Exercise aim:
Return the data below exactly, but only from the line containing "set \<Rightarrow> nat" through the line containing "z = (\<Prod>i<n.", with both of those lines included.

Extracted data:
(* Suppose $q^{2k}\neq1$. Let $a,b,c$ be pairwise distinct elements of $\{1,\dots,n\}$, and let $\phi_a$ (resp. $\phi_c$) denote either $\psi_a$ or $\psi_a^*$ (resp. $\psi_c$ or $\psi_c^*$). Then in $\mathrm{Cl}_q(n,k)$: \[ [\psi_a\psi_b^*,\psi_b\psi_a^*] = \frac{(\omega_a\omega_b^{-1})^k-(\omega_a\omega_b^{-1})^{-k}}{q^k-q^{-k}},\qquad [\psi_a\psi_b,\psi_b^*\psi_a^*] = \frac{(q\omega_a\omega_b)^k-(q\omega_a\omega_b)^{-k}}{q^k-q^{-k}}, \] \[ [\phi_a\psi_b,\psi_b^*\phi_c]_{q^{\pm k}} = \omega_b^{\mp k}\phi_a\phi_c,\qquad \psi_a\psi_a^*\pm\psi_a^*\psi_a = \frac{q^k\omega_a^k\pm\omega_a^{-k}}{q^k\pm1}, \] where $[A,B]=AB-BA$ and $[A,B]_x=AB-xBA$ (in each identity the signs are taken consistently).
   Context: Let $\mathbb{k}$ be a field of characteristic different from $2$, let $q\in\mathbb{k}^\times$, and let $n,k$ be positive integers. The quantum Clifford algebra $\mathrm{Cl}_q(n,k)$ is the unital associative $\mathbb{k}$-algebra generated by $\psi_a,\psi_a^*,\omega_a,\omega_a^{-1}$ for $a\in\{1,\dots,n\}$, subject to the relations (for all $a,b\in\{1,\dots,n\}$): $\omega_a\omega_b=\omega_b\omega_a$; $\omega_a\omega_a^{-1}=1$; $\omega_a\psi_b=q^{\delta_{ab}}\psi_b\omega_a$; $\omega_a\psi_b^*=q^{-\delta_{ab}}\psi_b^*\omega_a$; $\psi_a\psi_b+\psi_b\psi_a=0$; $\psi_a^*\psi_b^*+\psi_b^*\psi_a^*=0$; $\psi_a\psi_a^*+q^k\psi_a^*\psi_a=\omega_a^{-k}$; $\psi_a\psi_a^*+q^{-k}\psi_a^*\psi_a=\omega_a^{k}$; and $\psi_a\psi_b^*+\psi_b^*\psi_a=0$ if $a\neq b$. *)

theory Defs
  imports Main
begin

definition kalg :: "('k::field \<Rightarrow> 'a::ring_1) \<Rightarrow> bool" where
  "kalg sc \<longleftrightarrow> sc 0 = 0 \<and> sc 1 = 1 \<and>
     (\<forall>x y. sc (x + y) = sc x + sc y) \<and> (\<forall>x y. sc (x * y) = sc x * sc y) \<and>
     (\<forall>x z. sc x * z = z * sc x)"
(* Consider the $K$-class stochastic block model on $n$ nodes (labels $Z_i$ i.i.d. with probability vector $\pi$; given $Z$, $A_{ij}=A_{ji}$, $i<j$, independent Bernoulli$(P_{Z_iZ_j})$, $A_{ii}=0$, $P$ symmetric with entries in $[0,1]$). For any $x>0$, $$\Pr\Big(\max_{e\in\{1,\dots,K\}^n}\big\|\widetilde O(e)-\mathbb E(\widetilde O(e)\mid Z)\big\|_\infty>xn^2\Big)\le2K^{n+2}e^{-x^2n^2/(8\|P\|_\infty+4x/3)}.$$
   Context: For a labelling $e$, $O_{ab}(e)=\sum_{i,j}A_{ij}1\{e_i=a,e_j=b\}$ for $a\ne b$ and $O_{aa}(e)=\sum_{i<j}A_{ij}1\{e_i=e_j=a\}$; $\widetilde O_{ab}(e)=O_{ab}(e)$ for $a\ne b$ and $\widetilde O_{aa}(e)=2O_{aa}(e)$; $\widetilde O(e)$ is the $K\times K$ matrix of these. For a matrix $M$, $\|M\|_\infty=\max_{a,b}|M_{ab}|$. *)

theory Defs
  imports "HOL-Analysis.Analysis"
begin

(* Nodes are 0..<n, labels (classes) are 0..<K.
   An adjacency realisation is the set of edges, a subset of the index pairs (i,j) with i<j<n. *)

definition node_pairs :: "nat \<Rightarrow> (nat \<times> nat) set" where
  "node_pairs n = {(i, j). i < j \<and> j < n}"

definition adj :: "(nat \<times> nat) set \<Rightarrow> nat \<Rightarrow> nat \<Rightarrow> real" where
  "adj A i j = (if (min i j, max i j) \<in> A \<and> i \<noteq> j then 1 else 0)"

definition labellings :: "nat \<Rightarrow> nat \<Rightarrow> (nat \<Rightarrow> nat) set" where
  "labellings n K = {0..<n} \<rightarrow>\<^sub>E {0..<K}"

definition Z_weight :: "nat \<Rightarrow> (nat \<Rightarrow> real) \<Rightarrow> (nat \<Rightarrow> nat) \<Rightarrow> real" where
  "Z_weight n \<pi> z = (\<Prod>i<n. \<pi> (z i))"

definition A_weight :: "nat \<Rightarrow> (nat \<Rightarrow> nat \<Rightarrow> real) \<Rightarrow> (nat \<Rightarrow> nat) \<Rightarrow> (nat \<times> nat) set \<Rightarrow> real" where
  "A_weight n P z A = (\<Prod>p\<in>node_pairs n.
      if p \<in> A then P (z (fst p)) (z (snd p)) else 1 - P (z (fst p)) (z (snd p)))"

definition cond_exp_Z :: "nat \<Rightarrow> (nat \<Rightarrow> nat \<Rightarrow> real) \<Rightarrow> ((nat \<Rightarrow> nat) \<Rightarrow> (nat \<times> nat) set \<Rightarrow> real)
    \<Rightarrow> (nat \<Rightarrow> nat) \<Rightarrow> real" where
  "cond_exp_Z n P f z = (\<Sum>A\<in>Pow (node_pairs n). A_weight n P z A * f z A)"

definition sbm_prob :: "nat \<Rightarrow> nat \<Rightarrow> (nat \<Rightarrow> real) \<Rightarrow> (nat \<Rightarrow> nat \<Rightarrow> real)
    \<Rightarrow> ((nat \<Rightarrow> nat) \<Rightarrow> (nat \<times> nat) set \<Rightarrow> bool) \<Rightarrow> real" where
  "sbm_prob n K \<pi> P E = (\<Sum>z\<in>labellings n K. \<Sum>A\<in>Pow (node_pairs n).
      (if E z A then Z_weight n \<pi> z * A_weight n P z A else 0))"

definition O_count :: "nat \<Rightarrow> (nat \<times> nat) set \<Rightarrow> (nat \<Rightarrow> nat) \<Rightarrow> nat \<Rightarrow> nat \<Rightarrow> real" where
  "O_count n A e a b =
     (if a \<noteq> b then (\<Sum>i<n. \<Sum>j<n. adj A i j * (if e i = a \<and> e j = b then 1 else 0))
      else (\<Sum>i<n. \<Sum>j<n. if i < j then adj A i j * (if e i = a \<and> e j = a then 1 else 0) else 0))"

definition O_tilde :: "nat \<Rightarrow> (nat \<times> nat) set \<Rightarrow> (nat \<Rightarrow> nat) \<Rightarrow> nat \<Rightarrow> nat \<Rightarrow> real" where
  "O_tilde n A e a b = (if a = b then 2 * O_count n A e a a else O_count n A e a b)"

definition max_norm :: "nat \<Rightarrow> (nat \<Rightarrow> nat \<Rightarrow> real) \<Rightarrow> real" where
  "max_norm K M = Max {\<bar>M a b\<bar> | a b. a < K \<and> b < K}"

end

theory Submission
  imports Defs
begin

text \<open>Given \<open>Z = z\<close>, each entry of \<open>O_tilde(e) - E(O_tilde(e) | Z)\<close> is a sum, over the
  node pairs \<open>i < j\<close>, of independent centred Bernoulli(\<open>P (z i) (z j)\<close>) variables with
  coefficients in \<open>{0, 1, 2}\<close>. Chernoff's exponential-moment method together with
  \<open>exp u - 1 - u \<le> u\<^sup>2 / (2 (1 - u/3))\<close> (Bernstein's inequality) bounds each of its two tails by
  \<open>exp (- x\<^sup>2 n\<^sup>2 / (8 \<parallel>P\<parallel> + 4x/3))\<close>, and a union bound over the \<open>K\<^sup>n\<close> labellings \<open>e\<close>
  and the \<open>K\<^sup>2\<close> entries gives the factor \<open>K\<^sup>(n+2)\<close>. Averaging over \<open>Z\<close> preserves the bound.\<close>

definition exp_remainder :: "real \<Rightarrow> real" where
  "exp_remainder u = exp u - 1 - u"

lemma exp_remainder_zero [simp]: "exp_remainder 0 = 0"
  by (simp add: exp_remainder_def)

lemma exp_remainder_nonneg: "0 \<le> exp_remainder u"
  unfolding exp_remainder_def using exp_ge_add_one_self[of u] by linarith

lemma exp_remainder_mono:
  assumes "0 \<le> u" "u \<le> v"
  shows "exp_remainder u \<le> exp_remainder v"
proof -
  have "exp u * (1 + (v - u)) \<le> exp u * exp (v - u)"
    using exp_ge_add_one_self[of "v - u"] by (intro mult_left_mono) auto
  also have "\<dots> = exp v" by (simp flip: exp_add)
  finally have "exp u + exp u * (v - u) \<le> exp v" by (simp add: algebra_simps)
  moreover have "v - u \<le> exp u * (v - u)"
    using mult_right_mono[of 1 "exp u" "v - u"] assms by simp
  ultimately show ?thesis unfolding exp_remainder_def by linarith
qed

lemma exp_minus_le_quadratic:
  fixes u :: real
  assumes "0 \<le> u"
  shows "exp (- u) \<le> 1 - u + u\<^sup>2 / 2"
proof -
  obtain t where t: "exp (- u) = (\<Sum>m<3. (- u) ^ m / fact m) + exp t / fact 3 * (- u) ^ 3"
    using Maclaurin_exp_le[of "- u" 3] by blast
  have "exp t / fact 3 * (- u) ^ 3 \<le> 0"
    using assms by (intro mult_nonneg_nonpos) (auto simp: power_odd_eq)
  moreover have "(\<Sum>m<3. (- u) ^ m / fact m) = 1 - u + u\<^sup>2 / 2"
    by (simp add: numeral_3_eq_3 power2_eq_square)
  ultimately show ?thesis using t by linarith
qed
lemma has_walk_Cons:
  "u \<in> V \<Longrightarrow> adj u w \<Longrightarrow> has_walk adj V k w v \<Longrightarrow> has_walk adj V (Suc k) u v"
  using has_walk_Suc_iff by blast

lemma graph_dist_eqI:
  assumes "has_walk adj V d u v" "\<And>k. k < d \<Longrightarrow> \<not> has_walk adj V k u v"
  shows "graph_dist adj V u v = d"
  unfolding graph_dist_def by (rule Least_equality) (use assms not_less in auto)

definition Kst_dist :: "nat \<Rightarrow> nat \<Rightarrow> nat \<Rightarrow> nat \<Rightarrow> nat" where
  "Kst_dist s t i j =
     (if i = j then 0
      else if i < s \<and> j < s then 1
      else if i < s then (if j = s + i then 1 else 2)
      else if j < s then (if i = s + j then 1 else 2)
      else 3)"

lemma has_walk_Kst_dist:
  assumes "t \<le> s" "i < s + t" "j < s + t"
  shows "has_walk (Kst_adj s t) {0..<s + t} (Kst_dist s t i j) i j"
proof -
  let ?V = "{0..<s + t}"
  have "i \<in> ?V" and "j \<in> ?V" and stop: "has_walk (Kst_adj s t) ?V 0 j j"
    using assms by (auto simp: has_walk_0_iff)
  have "i = j \<or> Kst_adj s t i j \<or> (i < s \<and> s \<le> j \<and> j \<noteq> s + i)
      \<or> (s \<le> i \<and> j < s \<and> i \<noteq> s + j) \<or> (s \<le> i \<and> s \<le> j \<and> i \<noteq> j)"
    using assms unfolding Kst_adj_def by linarith
  then consider "i = j" | "Kst_adj s t i j" | "i < s" "s \<le> j" "j \<noteq> s + i"
    | "s \<le> i" "j < s" "i \<noteq> s + j" | "s \<le> i" "s \<le> j" "i \<noteq> j"
    by blast
  then show ?thesis
  proof cases
    case 1
    then show ?thesis using stop by (simp add: Kst_dist_def)
  next
    case 2
    then show ?thesis
      using assms has_walk_Cons[OF \<open>i \<in> ?V\<close> 2 stop] by (auto simp: Kst_dist_def Kst_adj_def)
  next
    case 3
    then have "Kst_adj s t i (j - s)" "Kst_adj s t (j - s) j" "j - s \<in> ?V"
      using assms by (auto simp: Kst_adj_def)
    then show ?thesis
      using 3 has_walk_Cons[OF \<open>i \<in> ?V\<close> _ has_walk_Cons[OF _ _ stop]]
      by (auto simp: Kst_dist_def numeral_2_eq_2)
  next
    case 4
    then have "Kst_adj s t i (i - s)" "Kst_adj s t (i - s) j" "i - s \<in> ?V"
      using assms by (auto simp: Kst_adj_def)
    then show ?thesis
      using 4 has_walk_Cons[OF \<open>i \<in> ?V\<close> _ has_walk_Cons[OF _ _ stop]]
      by (auto simp: Kst_dist_def numeral_2_eq_2)
  next
    case 5
    then have "Kst_adj s t i (i - s)" "Kst_adj s t (i - s) (j - s)" "Kst_adj s t (j - s) j"
        "i - s \<in> ?V" "j - s \<in> ?V"
      using assms by (auto simp: Kst_adj_def)
    then show ?thesis
      using 5 has_walk_Cons[OF \<open>i \<in> ?V\<close> _ has_walk_Cons[OF _ _ has_walk_Cons[OF _ _ stop]]]
      by (auto simp: Kst_dist_def numeral_3_eq_3)
  qed
qed
lemma reachable_in_trans:
  assumes "reachable_in S E x y" and "reachable_in S E y z"
  shows "reachable_in S E x z"
proof -
  obtain xs where xs: "walk_in S E xs" "hd xs = x" "last xs = y"
    using assms(1) reachable_in_def by metis
  obtain ys where ys: "walk_in S E ys" "hd ys = y" "last ys = z"
    using assms(2) reachable_in_def by metis
  obtain ys' where ys': "ys = y # ys'"
    using ys by (metis list.collapse walk_in_successively)
  show ?thesis
  proof (cases "ys' = []")
    case True
    then show ?thesis using xs ys ys' unfolding reachable_in_def by auto
  next
    case False
    have "walk_in S E (xs @ ys')"
      using xs ys ys' False
      unfolding walk_in_successively by (auto simp: successively_append_iff successively_Cons)
    then show ?thesis
      unfolding reachable_in_def using xs ys ys' False
      by (intro exI[of _ "xs @ ys'"]) (auto simp: walk_in_successively)
  qed
qed

lemma reachable_in_edge: "(x, y) \<in> E \<Longrightarrow> x \<in> S \<Longrightarrow> y \<in> S \<Longrightarrow> reachable_in S E x y"
  unfolding reachable_in_def by (intro exI[of _ "[x, y]"]) (simp add: walk_in_successively)

lemma reachable_in_step:
  "reachable_in S E x y \<Longrightarrow> (y, z) \<in> E \<Longrightarrow> z \<in> S \<Longrightarrow> reachable_in S E x z"
  by (meson reachable_in_edge reachable_in_mem reachable_in_trans)

lemma reachable_in_distinct_walk:
  assumes "reachable_in S E x y"
  obtains xs where "walk_in S E xs" "hd xs = x" "last xs = y" "distinct xs"
proof -
  let ?P = "\<lambda>xs. walk_in S E xs \<and> hd xs = x \<and> last xs = y"
  obtain xs0 where "?P xs0"
    using assms reachable_in_def by metis
  then obtain xs where xs: "?P xs" and shortest: "\<And>ys. ?P ys \<Longrightarrow> length xs \<le> length ys"
    using ex_has_least_nat[of ?P xs0 length] by blast
  have "distinct xs"
  proof (rule ccontr)
    assume "\<not> distinct xs"
    then obtain as bs cs c where split: "xs = as @ [c] @ bs @ [c] @ cs"
      using not_distinct_decomp by blast
    have "?P (as @ [c] @ cs)"
      using xs unfolding split walk_in_successively
      by (auto simp: successively_append_iff successively_Cons hd_append split: if_splits)
    then show False
      using shortest[of "as @ [c] @ cs"] split by simp
  qed
  then show ?thesis
    using xs that by blast
qed

lemma reachable_in_first_step:
  assumes "reachable_in S E x y" and "x \<noteq> y"
  obtains b where "(x, b) \<in> E" and "reachable_in (S - {x}) E b y"
proof -
  obtain xs where xs: "walk_in S E xs" "hd xs = x" "last xs = y" "distinct xs"
    using assms(1) by (rule reachable_in_distinct_walk)
  obtain xs' where xs': "xs = x # xs'"
    using xs by (metis list.collapse walk_in_successively)
  have "xs' \<noteq> []"
    using xs xs' assms(2) by auto
  moreover have "walk_in (S - {x}) E xs'" and "(x, hd xs') \<in> E"
    using xs xs' \<open>xs' \<noteq> []\<close> unfolding walk_in_successively by (auto simp: successively_Cons)
  ultimately show ?thesis
    using that xs xs' unfolding reachable_in_def by auto
qed

lemma connected_graph_iff_reachable_in:
  "connected_graph V E \<longleftrightarrow> (\<forall>u\<in>V. \<forall>v\<in>V. reachable_in V E u v)"
  by (simp add: connected_graph_def reachable_in_def)

lemma comp_minus_eq_reachable_in: "comp_minus V E u v = {w. reachable_in (V - {u}) E v w}"
  by (simp add: comp_minus_def reachable_in_def)

lemma comp_minus_subset: "comp_minus V E u v \<subseteq> V - {u}"
  unfolding comp_minus_eq_reachable_in using reachable_in_mem by fast

lemma self_in_comp_minus: "v \<in> V - {u} \<Longrightarrow> v \<in> comp_minus V E u v"
  unfolding comp_minus_eq_reachable_in by (simp add: reachable_in_refl)

lemma self_in_comp_minus_if_mem: "w \<in> comp_minus V E u v \<Longrightarrow> v \<in> comp_minus V E u v"
  unfolding comp_minus_eq_reachable_in by (meson mem_Collect_eq reachable_in_mem reachable_in_refl)

lemma heavy_subsets_intersect:
  assumes "finite P" "A \<subseteq> P" "B \<subseteq> P" "card P < 2 * card A" "card P < 2 * card B"
  shows "A \<inter> B \<noteq> {}"
proof
  assume "A \<inter> B = {}"
  then have "card A + card B = card (A \<union> B)"
    using assms(1-3) by (metis card_Un_disjoint finite_subset)
  also have "\<dots> \<le> card P"
    using assms(1-3) by (intro card_mono) auto
  finally show False
    using assms(4,5) by linarith
qed

locale tree =
  fixes V :: "'a set" and E :: "'a rel"
  assumes is_tree: "is_tree V E"
begin

lemma finite_V: "finite V"
  using is_tree unfolding is_tree_def by simp

lemma sym_E: "sym E"
  using is_tree unfolding is_tree_def by simp

lemma edge_mem_V: "(x, y) \<in> E \<Longrightarrow> x \<in> V \<and> y \<in> V"
proof -
  have "E \<subseteq> V \<times> V"
    using is_tree unfolding is_tree_def by simp
  then show "(x, y) \<in> E \<Longrightarrow> x \<in> V \<and> y \<in> V"
    by blast
qed

lemma reachable_in_V: "x \<in> V \<Longrightarrow> y \<in> V \<Longrightarrow> reachable_in V E x y"
  using is_tree unfolding is_tree_def connected_graph_iff_reachable_in by simp

lemma no_cycle: "\<not> is_cycle V E xs"
  using is_tree unfolding is_tree_def by simp

lemma finite_comp_minus: "finite (comp_minus V E u v)"
  by (rule finite_subset[OF comp_minus_subset finite_Diff[OF finite_V]])

lemma comp_minus_eq_if_mem:
  assumes "w \<in> comp_minus V E u v"
  shows "comp_minus V E u w = comp_minus V E u v"
proof -
  have vw: "reachable_in (V - {u}) E v w"
    using assms by (simp add: comp_minus_eq_reachable_in)
  have wv: "reachable_in (V - {u}) E w v"
    using reachable_in_sym[OF sym_E vw] .
  show ?thesis
    unfolding comp_minus_eq_reachable_in
    using reachable_in_trans[OF vw] reachable_in_trans[OF wv] by blast
qed

lemma comp_minus_disjoint:
  assumes "w \<notin> comp_minus V E u v"
  shows "comp_minus V E u w \<inter> comp_minus V E u v = {}"
proof (rule ccontr)
  assume "\<not> ?thesis"
  then obtain t where "reachable_in (V - {u}) E w t" "reachable_in (V - {u}) E v t"
    by (auto simp: comp_minus_eq_reachable_in)
  then have "reachable_in (V - {u}) E v w"
    using reachable_in_trans reachable_in_sym[OF sym_E] by metis
  then show False
    using assms by (simp add: comp_minus_eq_reachable_in)
qed

text \<open>This is the only place where acyclicity is used.\<close>

lemma neighbours_not_reachable_in:
  assumes "(u, a) \<in> E" and "(u, b) \<in> E" and "a \<noteq> b"
  shows "\<not> reachable_in (V - {u}) E a b"
proof
  assume "reachable_in (V - {u}) E a b"
  then obtain ps where ps: "walk_in (V - {u}) E ps" "hd ps = a" "last ps = b" "distinct ps"
    by (rule reachable_in_distinct_walk)
  have "ps \<noteq> []"
    using ps(1) by (simp add: walk_in_successively)
  have "length ps \<noteq> 1"
    using ps assms(3) by (auto simp: length_Suc_conv)
  moreover have "length ps \<noteq> 0"
    using \<open>ps \<noteq> []\<close> by simp
  ultimately have len: "length ps \<ge> 2"
    by arith
  have "(b, u) \<in> E"
    using assms(2) sym_E by (meson symD)
  moreover have "u \<in> V"
    using edge_mem_V[OF assms(1)] by simp
  ultimately have "walk_in V E (u # ps @ [u])"
    using ps \<open>ps \<noteq> []\<close> assms(1) unfolding walk_in_successively
    by (auto simp: successively_append_iff successively_Cons)
  moreover have "u \<notin> set ps"
    using ps(1) unfolding walk_in_successively by blast
  then have "distinct (tl (u # ps @ [u]))"
    using ps(4) by simp
  ultimately have "is_cycle V E (u # ps @ [u])"
    using len unfolding is_cycle_def by auto
  then show False
    using no_cycle by blast
qed

lemma comp_minus_cover:
  assumes "u \<in> V" "v \<in> V" "u \<noteq> v" "w \<in> V"
  shows "w \<in> comp_minus V E u v \<or> w \<in> comp_minus V E v u"
proof (cases "w = u \<or> w = v")
  case True
  then show ?thesis
    using assms self_in_comp_minus[of u V v] self_in_comp_minus[of v V u] by auto
next
  case False
  obtain xs where xs: "walk_in V E xs" "hd xs = w" "last xs = u" "distinct xs"
    using reachable_in_V[OF assms(4,1)] by (rule reachable_in_distinct_walk)
  show ?thesis
  proof (cases "v \<in> set xs")
    case False
    then have "reachable_in (V - {v}) E w u"
      using xs walk_in_Diff_singleton walk_in_reachable_in by metis
    then show ?thesis
      using reachable_in_sym[OF sym_E] by (simp add: comp_minus_eq_reachable_in)
  next
    case True
    then obtain ys zs where split: "xs = ys @ v # zs"
      by (meson split_list)
    have "zs \<noteq> []"
      using xs(3) assms(3) split by auto
    then have "u \<in> set zs"
      using xs(3) split last_in_set by fastforce
    then have "u \<notin> set (ys @ [v])"
      using xs(4) split assms(3) by auto
    moreover have "walk_in V E (ys @ [v])"
      using walk_in_appendD1[of V E "ys @ [v]" zs] xs split by simp
    ultimately have "reachable_in (V - {u}) E (hd (ys @ [v])) (last (ys @ [v]))"
      by (intro walk_in_reachable_in walk_in_Diff_singleton)
    moreover have "hd (ys @ [v]) = w"
      using xs(2) split by (cases ys) auto
    ultimately have "reachable_in (V - {u}) E w v"
      by simp
    then show ?thesis
      using reachable_in_sym[OF sym_E] by (simp add: comp_minus_eq_reachable_in)
  qed
qed

lemma comp_minus_edge_disjoint:
  assumes "(x, y) \<in> E"
  shows "comp_minus V E x y \<inter> comp_minus V E y x = {}"
proof (rule ccontr)
  assume "\<not> ?thesis"
  then obtain w where yw: "reachable_in (V - {x}) E y w" and xw: "reachable_in (V - {y}) E x w"
    by (auto simp: comp_minus_eq_reachable_in)
  have "x \<noteq> w"
    using reachable_in_mem[OF yw] by blast
  with xw obtain b where b: "(x, b) \<in> E" "reachable_in (V - {y} - {x}) E b w"
    by (rule reachable_in_first_step)
  have "b \<noteq> y"
    using reachable_in_mem[OF b(2)] by simp
  have "reachable_in (V - {x}) E b w"
    by (rule reachable_in_mono[OF b(2)]) blast
  then have "reachable_in (V - {x}) E y b"
    using reachable_in_trans[OF yw] reachable_in_sym[OF sym_E] by blast
  then show False
    using neighbours_not_reachable_in[OF assms b(1)] \<open>b \<noteq> y\<close> by blast
qed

Result of the exercise:
definition adj :: "(nat \<times> nat) set \<Rightarrow> nat \<Rightarrow> nat \<Rightarrow> real" where
  "adj A i j = (if (min i j, max i j) \<in> A \<and> i \<noteq> j then 1 else 0)"

definition labellings :: "nat \<Rightarrow> nat \<Rightarrow> (nat \<Rightarrow> nat) set" where
  "labellings n K = {0..<n} \<rightarrow>\<^sub>E {0..<K}"

definition Z_weight :: "nat \<Rightarrow> (nat \<Rightarrow> real) \<Rightarrow> (nat \<Rightarrow> nat) \<Rightarrow> real" where
  "Z_weight n \<pi> z = (\<Prod>i<n. \<pi> (z i))"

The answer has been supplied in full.